My wild guess on inrush current-limiting resistor value is that it should be somewhere around 10-50% of the normal load impedance. For 35kVA at 415V this is 0.5-2.5 ohms, so 1R is bang in the middle of my wild guess range. 15R is way too big!
I have heard that white ceramic block wirewound resistors tend to explode when seriously overloaded, while some other types just get very very hot and hang in there safely.
My wild guess on inrush current-limiting resistor value is that it should be somewhere around 10-50% of the normal load impedance. For 35kVA at 415V this is 0.5-2.5 ohms, so 1R is bang in the middle of my wild guess range. 15R is way too big!
I have heard that white ceramic block wirewound resistors tend to explode when seriously overloaded, while some other types just get very very hot and hang in there safely.

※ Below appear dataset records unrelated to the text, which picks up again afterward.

theorem proposition2p15:
  fixes Z :: "('w, 'v) box" and Y :: "('w, 'v) box list"
    and Xs :: "('w, 'v) box list list" and Wss :: "('w, 'v) box list list list"
    and \<psi> :: "('w, 'v) wd" and \<phi>s :: "('w, 'v) wd list" and \<tau>ss :: "('w, 'v) wd list list"
  assumes "is_wd Y Z \<psi>"
    and "length Xs = length Y" and "length \<phi>s = length Y"
    and "\<forall>i<length Y. is_wd (Xs ! i) (Y ! i) (\<phi>s ! i)"
    and "length Wss = length Y" and "length \<tau>ss = length Y"
    and "\<forall>i<length Y. length (Wss ! i) = length (Xs ! i) \<and> length (\<tau>ss ! i) = length (Xs ! i)
           \<and> (\<forall>j<length (Xs ! i). is_wd (Wss ! i ! j) (Xs ! i ! j) (\<tau>ss ! i ! j))"
  shows "wd_iso (concat (concat Wss)) Z
           (wd_comp (wd_comp \<psi> Xs \<phi>s) (concat Wss) (concat \<tau>ss))
           (wd_comp \<psi> (map concat Wss)
              (map (\<lambda>i. wd_comp (\<phi>s ! i) (Wss ! i) (\<tau>ss ! i)) [0..<length Y]))"
  using wd_triple.wd_iso_assoc[OF wd_triple.intro[OF assms]] .

end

It works out about 300A peak because the effective phase to phase resistance is sqrt3 x the individual phase resistance and the peak is 1.414 x the RMS. The 1 second delay does not cook the resistors because the current settles down after a few cycles to about 10A making the I^2R x T losses less than with a higher resistance though the delay could probably be reduced to about 10 cycles like you suggest. I got into the habit of using low resistances when my first power supply (3Kw 4Kv) would not start under full load with a 25 ohm resistor, switching to 4 ohms solved the problem and had no adverse effects. I forgot to mention if starting under load you need to get about 80% normal load voltage before shorting the resistor so a resistor 1/5 of the supply impedance or less works well, most 3 phase motors have a locked rotor impedance of 1/7th of the full load impedance and this gets a bit hard on the supply with larger motors but they tend to have longer start times than power supplies.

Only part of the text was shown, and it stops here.